++++ Material to process
(* Let $n\ge 2$, let $A\in\mathbb{R}^{n\times n}$ be symmetric with zero diagonal, let $\lambda\ge\max_i\sum_j|A_{ij}|$, and let $v^*\in\mathbb{R}^{n-1}$ with $v^*_i=A_{ni}$. Let $w^*=\Pi^{n-1}_{B\to\Delta}(v^* )\in\Delta(\lambda,2n-1)$. Then $\nabla\widetilde S(w^* )=0$ and $w^*$ is a global minimizer of $\widetilde S$ over $\Delta(\lambda,2n-1)$.
   Context: Ising model $\mathcal{D}(A,\theta)$ on $\{-1,1\}^n$: $\Pr[Z=z]\propto\exp\big(\sum_{i<j}A_{ij}z_iz_j+\sum_i\theta_iz_i\big)$, $A$ symmetric with zero diagonal. $\mathsf{B}(W,k)=\{x\in\mathbb{R}^k:\|x\|_1\le W\}$, $\Delta(W,k)=\{x\in\mathbb{R}^k:x\ge0,\sum_ix_i=W\}$. Maps: $\Pi^k_{B\to\Delta}:\mathsf{B}(W,k)\to\Delta(W,2k+1)$ with $\Pi^k_{B\to\Delta}(x)_{2k+1}=W-\|x\|_1$, $\Pi^k_{B\to\Delta}(x)_i=\max(x_i,0)$ and $\Pi^k_{B\to\Delta}(x)_{k+i}=\max(-x_i,0)$ for $i\in[k]$; $\Pi^k_{\Delta\to B}:\Delta(W,2k+1)\to\mathsf{B}(W,k)$ with $\Pi^k_{\Delta\to B}(u)_i=u_i-u_{i+k}$, $i\in[k]$. Simplex ISO: for $w\in\mathbb{R}^{2n-1}$, $\widetilde S(w)=\mathbb{E}_{Z\sim\mathcal{D}(A,0)}\big[\exp\big(-\sum_{j=1}^{n-1}(w_j-w_{n-1+j})Z_nZ_j\big)\big]$ (which equals $S(\Pi^{n-1}_{\Delta\to B}(w))$ for the ISO $S(v)=\mathbb{E}[\exp(-\sum_{j=1}^{n-1}v_jZ_nZ_j)]$). *)

theory Defs
  imports "HOL-Analysis.Analysis"
begin

text \<open>Vectors in R^k are represented as functions nat => real, indexed by 1..k
  and extensional (zero outside 1..k). Matrices are nat => nat => real, indexed 1..n.\<close>

definition spins :: "nat \<Rightarrow> (nat \<Rightarrow> real) set" where
  "spins n = PiE {1..n} (\<lambda>_. {-1, 1})"

definition ising_weight :: "nat \<Rightarrow> (nat \<Rightarrow> nat \<Rightarrow> real) \<Rightarrow> (nat \<Rightarrow> real) \<Rightarrow> (nat \<Rightarrow> real) \<Rightarrow> real" where
  "ising_weight n A \<theta> z =
     exp ((\<Sum>i\<in>{1..n}. \<Sum>j\<in>{i<..n}. A i j * z i * z j) + (\<Sum>i\<in>{1..n}. \<theta> i * z i))"

definition ising_expect :: "nat \<Rightarrow> (nat \<Rightarrow> nat \<Rightarrow> real) \<Rightarrow> (nat \<Rightarrow> real) \<Rightarrow> ((nat \<Rightarrow> real) \<Rightarrow> real) \<Rightarrow> real" where
  "ising_expect n A \<theta> f =
     (\<Sum>z\<in>spins n. ising_weight n A \<theta> z * f z) / (\<Sum>z\<in>spins n. ising_weight n A \<theta> z)"

definition simplexW :: "real \<Rightarrow> nat \<Rightarrow> (nat \<Rightarrow> real) set" where
  "simplexW W k = {x. (\<forall>i\<in>{1..k}. 0 \<le> x i) \<and> (\<Sum>i\<in>{1..k}. x i) = W \<and> (\<forall>i. i \<notin> {1..k} \<longrightarrow> x i = 0)}"

definition Pi_B_Delta :: "nat \<Rightarrow> real \<Rightarrow> (nat \<Rightarrow> real) \<Rightarrow> (nat \<Rightarrow> real)" where
  "Pi_B_Delta k W x = (\<lambda>i.
     if 1 \<le> i \<and> i \<le> k then max (x i) 0
     else if k < i \<and> i \<le> 2*k then max (- x (i - k)) 0
     else if i = 2*k + 1 then W - (\<Sum>j\<in>{1..k}. \<bar>x j\<bar>)
     else 0)"

definition simplex_ISO :: "nat \<Rightarrow> (nat \<Rightarrow> nat \<Rightarrow> real) \<Rightarrow> (nat \<Rightarrow> real) \<Rightarrow> real" where
  "simplex_ISO n A w =
     ising_expect n A (\<lambda>_. 0)
       (\<lambda>z. exp (- (\<Sum>j\<in>{1..n-1}. (w j - w (n - 1 + j)) * z n * z j)))"

end

theory Submission
  imports Defs
begin

text \<open>With \<open>m = n - 1\<close> and \<open>v j = w j - w (m + j)\<close>, the simplex ISO at \<open>w\<close> is the
  ISO \<open>S(v) = E[exp(-\<Sum>j. v j Z\<^sub>n Z\<^sub>j)]\<close>. At \<open>v = v*\<close> the exponent cancels every coupling
  of \<open>Z\<^sub>n\<close> in the Ising energy, so the tilted weight does not depend on \<open>Z\<^sub>n\<close>; flipping
  \<open>Z\<^sub>n\<close> shows \<open>E[exp(-\<Sum>j. v*\<^sub>j Z\<^sub>n Z\<^sub>j) Z\<^sub>n Z\<^sub>k] = 0\<close>. This expectation is the gradient of
  \<open>S\<close> at \<open>v*\<close>, so all partial derivatives of the simplex ISO vanish at \<open>w*\<close>; and since
  \<open>exp\<close> lies above its tangents, \<open>S(v) \<ge> S(v*) + \<nabla>S(v*)\<cdot>(v - v*) = S(v*)\<close> for every \<open>v\<close>.
  Finally \<open>w*\<close> lies in the simplex because the \<open>n\<close>-th row of \<open>|A|\<close> sums to at most \<open>\<lambda>\<close>.\<close>

definition ISO :: "nat \<Rightarrow> (nat \<Rightarrow> nat \<Rightarrow> real) \<Rightarrow> (nat \<Rightarrow> real) \<Rightarrow> real" where
  "ISO n A v = ising_expect n A (\<lambda>_. 0) (\<lambda>z. exp (- (\<Sum>j\<in>{1..n-1}. v j * z n * z j)))"

lemma simplex_ISO_eq_ISO: "simplex_ISO n A w = ISO n A (\<lambda>j. w j - w (n - 1 + j))"
  by (simp add: simplex_ISO_def ISO_def)

lemma finite_spins: "finite (spins n)"
  unfolding spins_def by (rule finite_PiE) auto

lemma ising_partition_pos: "0 < (\<Sum>z\<in>spins n. ising_weight n A \<theta> z)"
proof (rule sum_pos)
  show "spins n \<noteq> {}" unfolding spins_def by (simp add: PiE_eq_empty_iff)
qed (auto simp: finite_spins ising_weight_def)

lemma ising_expect_add:
  "ising_expect n A \<theta> (\<lambda>z. f z + g z) = ising_expect n A \<theta> f + ising_expect n A \<theta> g"
  by (simp add: ising_expect_def distrib_left sum.distrib add_divide_distrib)

lemma ising_expect_mono:
  assumes "\<And>z. z \<in> spins n \<Longrightarrow> f z \<le> g z"
  shows "ising_expect n A \<theta> f \<le> ising_expect n A \<theta> g"
  unfolding ising_expect_def
  using assms ising_partition_pos[of n A \<theta>]
  by (intro divide_right_mono sum_mono mult_left_mono) (auto simp: ising_weight_def)

lemma sum_spins_odd_eq_0:
  fixes f :: "(nat \<Rightarrow> real) \<Rightarrow> real"
  assumes i: "i \<in> {1..n}" and odd: "\<And>z. f (z(i := - z i)) = - f z"
  shows "(\<Sum>z\<in>spins n. f z) = 0"
proof -
  define flip where "flip z = z(i := - z i)" for z :: "nat \<Rightarrow> real"
  have "flip z \<in> spins n" if "z \<in> spins n" for z
    using that i unfolding spins_def flip_def PiE_def Pi_def extensional_def by auto
  moreover have "flip (flip z) = z" for z
    unfolding flip_def by auto
  ultimately have "bij_betw flip (spins n) (spins n)"
    by (intro bij_betw_byWitness[where f' = flip]) auto
  then have "(\<Sum>z\<in>spins n. f z) = (\<Sum>z\<in>spins n. f (flip z))"
    by (simp add: sum.reindex_bij_betw)
  also have "\<dots> = - (\<Sum>z\<in>spins n. f z)"
    by (simp add: flip_def odd sum_negf)
  finally show ?thesis by simp
qed

lemma ising_energy_split_last:
  fixes A :: "nat \<Rightarrow> nat \<Rightarrow> real"
  assumes sym: "\<forall>i\<in>{1..Suc m}. \<forall>j\<in>{1..Suc m}. A i j = A j i"
  shows "(\<Sum>i\<in>{1..Suc m}. \<Sum>j\<in>{i<..Suc m}. A i j * z i * z j)
       = (\<Sum>i\<in>{1..m}. \<Sum>j\<in>{i<..m}. A i j * z i * z j)
         + (\<Sum>j\<in>{1..m}. A (Suc m) j * z (Suc m) * z j)"
proof -
  have "(\<Sum>j\<in>{i<..Suc m}. A i j * z i * z j)
      = (\<Sum>j\<in>{i<..m}. A i j * z i * z j) + A (Suc m) i * z (Suc m) * z i"
    if i: "i \<in> {1..m}" for i
  proof -
    have "{i<..Suc m} = insert (Suc m) {i<..m}" using i by auto
    moreover have "A i (Suc m) = A (Suc m) i" using sym i by auto
    ultimately show ?thesis by (simp add: mult_ac)
  qed
  then show ?thesis
    by (simp add: sum.cl_ivl_Suc sum.distrib)
qed

lemma ISO_score_vanishes:
  fixes A :: "nat \<Rightarrow> nat \<Rightarrow> real" and c :: "nat \<Rightarrow> real"
  assumes sym: "\<forall>i\<in>{1..Suc m}. \<forall>j\<in>{1..Suc m}. A i j = A j i"
  shows "ising_expect (Suc m) A (\<lambda>_. 0)
           (\<lambda>z. exp (- (\<Sum>j\<in>{1..m}. A (Suc m) j * z (Suc m) * z j))
                * (\<Sum>j\<in>{1..m}. c j * z (Suc m) * z j)) = 0"
proof -
  define R where "R z = (\<Sum>i\<in>{1..m}. \<Sum>j\<in>{i<..m}. A i j * z i * z j)" for z :: "nat \<Rightarrow> real"
  define f where "f z = exp (R z) * (\<Sum>j\<in>{1..m}. c j * z (Suc m) * z j)" for z :: "nat \<Rightarrow> real"
  have tilted: "ising_weight (Suc m) A (\<lambda>_. 0) z
      * (exp (- (\<Sum>j\<in>{1..m}. A (Suc m) j * z (Suc m) * z j))
         * (\<Sum>j\<in>{1..m}. c j * z (Suc m) * z j)) = f z" for z
    unfolding ising_weight_def ising_energy_split_last[OF sym] f_def R_def
    by (simp add: exp_add[symmetric])
  have "f (z(Suc m := - z (Suc m))) = - f z" for z
  proof -
    have "R (z(Suc m := - z (Suc m))) = R z"
      unfolding R_def by (intro sum.cong) auto
    then show ?thesis
      unfolding f_def by (simp add: sum_negf)
  qed
  then have "(\<Sum>z\<in>spins (Suc m). f z) = 0"
    by (intro sum_spins_odd_eq_0[of "Suc m"]) auto
  then show ?thesis
    unfolding ising_expect_def tilted by simp
qed

lemma ISO_cong:
  assumes "\<forall>j\<in>{1..n-1}. u j = v j"
  shows "ISO n A u = ISO n A v"
proof -
  have "(\<Sum>j\<in>{1..n-1}. u j * z n * z j) = (\<Sum>j\<in>{1..n-1}. v j * z n * z j)" for z
    using assms by (intro sum.cong) auto
  then show ?thesis
    by (simp add: ISO_def)
qed

lemma ISO_minimal_at_couplings:
  fixes A :: "nat \<Rightarrow> nat \<Rightarrow> real" and v :: "nat \<Rightarrow> real"
  assumes sym: "\<forall>i\<in>{1..Suc m}. \<forall>j\<in>{1..Suc m}. A i j = A j i"
  shows "ISO (Suc m) A (A (Suc m)) \<le> ISO (Suc m) A v"
proof -
  define E where "E u z = - (\<Sum>j\<in>{1..m}. u j * z (Suc m) * z j)"
    for u z :: "nat \<Rightarrow> real"
  define dE where "dE z = (\<Sum>j\<in>{1..m}. (A (Suc m) j - v j) * z (Suc m) * z j)"
    for z :: "nat \<Rightarrow> real"
  have tangent: "exp (E (A (Suc m)) z) + exp (E (A (Suc m)) z) * dE z \<le> exp (E v z)" for z
  proof -
    have "E v z - E (A (Suc m)) z = dE z"
      unfolding E_def dE_def by (simp add: sum_subtractf[symmetric] left_diff_distrib)
    moreover have "exp (E (A (Suc m)) z) * (1 + (E v z - E (A (Suc m)) z))
        \<le> exp (E (A (Suc m)) z) * exp (E v z - E (A (Suc m)) z)"
      by (intro mult_left_mono) auto
    ultimately show ?thesis
      by (simp add: exp_add algebra_simps)
  qed
  have "ISO (Suc m) A (A (Suc m))
      = ising_expect (Suc m) A (\<lambda>_. 0) (\<lambda>z. exp (E (A (Suc m)) z))
        + ising_expect (Suc m) A (\<lambda>_. 0) (\<lambda>z. exp (E (A (Suc m)) z) * dE z)"
    using ISO_score_vanishes[OF sym] by (simp add: ISO_def E_def dE_def)
  also have "\<dots> \<le> ISO (Suc m) A v"
    unfolding ising_expect_add[symmetric] ISO_def
    using tangent by (intro ising_expect_mono) (simp add: E_def)
  finally show ?thesis .
qed

lemma simplex_ISO_partial_deriv:
  fixes A :: "nat \<Rightarrow> nat \<Rightarrow> real" and w :: "nat \<Rightarrow> real"
  shows "((\<lambda>t. simplex_ISO (Suc m) A (w(k := t))) has_real_derivative
     ising_expect (Suc m) A (\<lambda>_. 0)
       (\<lambda>z. exp (- (\<Sum>j\<in>{1..m}. (w j - w (m + j)) * z (Suc m) * z j))
         * (\<Sum>j\<in>{1..m}. ((if m + j = k then 1 else 0) - (if j = k then 1 else 0)) * z (Suc m) * z j)))
     (at (w k))"
proof -
  define E where "E u z = - (\<Sum>j\<in>{1..m}. (u j - u (m + j)) * z (Suc m) * z j)"
    for u z :: "nat \<Rightarrow> real"
  define dE where "dE z = (\<Sum>j\<in>{1..m}. ((if m + j = k then 1 else 0) - (if j = k then 1 else 0)) * z (Suc m) * z j)"
    for z :: "nat \<Rightarrow> real"
  have coord: "((\<lambda>t. (w(k := t)) j) has_real_derivative (if j = k then 1 else 0)) (at x)" for j x
    by (cases "j = k") (auto intro: derivative_eq_intros)
  have "((\<lambda>t. E (w(k := t)) z) has_real_derivative dE z) (at (w k))" for z
    unfolding E_def dE_def
    by (rule derivative_eq_intros coord refl)+ (simp add: sum_negf[symmetric] algebra_simps)
  then have "((\<lambda>t. \<Sum>z\<in>spins (Suc m). ising_weight (Suc m) A (\<lambda>_. 0) z * exp (E (w(k := t)) z))
      has_real_derivative (\<Sum>z\<in>spins (Suc m). ising_weight (Suc m) A (\<lambda>_. 0) z * (exp (E w z) * dE z)))
      (at (w k))"
    by (auto intro!: derivative_eq_intros simp: mult_ac)
  from DERIV_cdivide[OF this] show ?thesis
    by (simp add: simplex_ISO_def ising_expect_def E_def dE_def)
qed

lemma simplex_ISO_stationary:
  fixes A :: "nat \<Rightarrow> nat \<Rightarrow> real" and w :: "nat \<Rightarrow> real"
  assumes sym: "\<forall>i\<in>{1..Suc m}. \<forall>j\<in>{1..Suc m}. A i j = A j i"
    and w: "\<forall>j\<in>{1..m}. w j - w (m + j) = A (Suc m) j"
  shows "((\<lambda>t. simplex_ISO (Suc m) A (w(k := t))) has_real_derivative 0) (at (w k))"
proof -
  have "(\<Sum>j\<in>{1..m}. (w j - w (m + j)) * z (Suc m) * z j)
      = (\<Sum>j\<in>{1..m}. A (Suc m) j * z (Suc m) * z j)" for z
    using w by (intro sum.cong) auto
  then show ?thesis
    using simplex_ISO_partial_deriv[of m A w k] ISO_score_vanishes[OF sym] by simp
qed

lemma Pi_B_Delta_diff:
  assumes "j \<in> {1..k}"
  shows "Pi_B_Delta k W x j - Pi_B_Delta k W x (k + j) = x j"
  using assms by (auto simp: Pi_B_Delta_def)

lemma Pi_B_Delta_in_simplexW:
  assumes "(\<Sum>j\<in>{1..k}. \<bar>x j\<bar>) \<le> W"
  shows "Pi_B_Delta k W x \<in> simplexW W (2*k + 1)"
proof -
  define u where "u = Pi_B_Delta k W x"
  have "(\<Sum>i\<in>{1..2*k + 1}. u i) = (\<Sum>i\<in>{1..k + k}. u i) + u (2*k + 1)"
    by (simp add: mult_2)
  also have "(\<Sum>i\<in>{1..k + k}. u i) = (\<Sum>j\<in>{1..k}. u j) + (\<Sum>i\<in>{1 + k..k + k}. u i)"
    using sum.ub_add_nat[of 1 k u k] by simp
  also have "(\<Sum>i\<in>{1 + k..k + k}. u i) = (\<Sum>j\<in>{1..k}. u (k + j))"
    using sum.shift_bounds_cl_nat_ivl[of u 1 k k] by (simp add: add.commute)
  also have "(\<Sum>j\<in>{1..k}. u j) + (\<Sum>j\<in>{1..k}. u (k + j)) = (\<Sum>j\<in>{1..k}. \<bar>x j\<bar>)"
    unfolding sum.distrib[symmetric] by (intro sum.cong) (auto simp: u_def Pi_B_Delta_def)
  finally have "(\<Sum>i\<in>{1..2*k + 1}. u i) = W"
    by (simp add: u_def Pi_B_Delta_def)
  moreover have "0 \<le> u i" if "i \<in> {1..2*k + 1}" for i
    using that assms by (auto simp: u_def Pi_B_Delta_def)
  moreover have "u i = 0" if "i \<notin> {1..2*k + 1}" for i
    using that by (auto simp: u_def Pi_B_Delta_def)
  ultimately show ?thesis
    by (simp add: simplexW_def u_def)
qed

theorem mainTheorem4:
  fixes n :: nat and A :: "nat \<Rightarrow> nat \<Rightarrow> real" and lam :: real
    and vstar wstar :: "nat \<Rightarrow> real"
  assumes "n \<ge> 2"
    and "\<forall>i\<in>{1..n}. \<forall>j\<in>{1..n}. A i j = A j i"
    and "\<forall>i\<in>{1..n}. A i i = 0"
    and "\<forall>i\<in>{1..n}. (\<Sum>j\<in>{1..n}. \<bar>A i j\<bar>) \<le> lam"
    and "vstar = (\<lambda>i. if i \<in> {1..n-1} then A n i else 0)"
    and "wstar = Pi_B_Delta (n - 1) lam vstar"
  shows "wstar \<in> simplexW lam (2*n - 1)
    \<and> (\<forall>k\<in>{1..2*n-1}. ((\<lambda>t. simplex_ISO n A (wstar(k := t))) has_real_derivative 0) (at (wstar k)))
    \<and> (\<forall>w\<in>simplexW lam (2*n - 1). simplex_ISO n A wstar \<le> simplex_ISO n A w)"
proof -
  obtain m where n: "n = Suc m" using assms(1) by (cases n) auto
  have sym: "\<forall>i\<in>{1..Suc m}. \<forall>j\<in>{1..Suc m}. A i j = A j i"
    using assms(2) n by simp
  have "(\<Sum>j\<in>{1..m}. \<bar>vstar j\<bar>) = (\<Sum>j\<in>{1..n}. \<bar>A n j\<bar>)"
    using assms(3,5) n by (simp add: sum.cl_ivl_Suc)
  also have "\<dots> \<le> lam"
    using assms(4) n by simp
  finally have "(\<Sum>j\<in>{1..m}. \<bar>vstar j\<bar>) \<le> lam" .
  then have simplex: "wstar \<in> simplexW lam (2*n - 1)"
    using Pi_B_Delta_in_simplexW[where k = m] assms(6) n by simp
  have diff: "\<forall>j\<in>{1..m}. wstar j - wstar (m + j) = A (Suc m) j"
    using Pi_B_Delta_diff[where k = m and W = lam and x = vstar] assms(5,6) n by simp
  have "\<forall>w\<in>simplexW lam (2*n - 1). simplex_ISO n A wstar \<le> simplex_ISO n A w"
    using ISO_cong[of n "\<lambda>j. wstar j - wstar (n - 1 + j)" "A n"] diff
      ISO_minimal_at_couplings[OF sym] n
    by (simp add: simplex_ISO_eq_ISO)
  then show ?thesis
    using simplex simplex_ISO_stationary[OF sym diff] n by simp
qed

end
++++++++
All lines above from the one containing "(A (Suc m) j" to the one containing "- E (A (Suc m)) z))" must be repeated exactly, both lines included, and no others.

  define dE where "dE z = (\<Sum>j\<in>{1..m}. (A (Suc m) j - v j) * z (Suc m) * z j)"
    for z :: "nat \<Rightarrow> real"
  have tangent: "exp (E (A (Suc m)) z) + exp (E (A (Suc m)) z) * dE z \<le> exp (E v z)" for z
  proof -
    have "E v z - E (A (Suc m)) z = dE z"
      unfolding E_def dE_def by (simp add: sum_subtractf[symmetric] left_diff_distrib)
    moreover have "exp (E (A (Suc m)) z) * (1 + (E v z - E (A (Suc m)) z))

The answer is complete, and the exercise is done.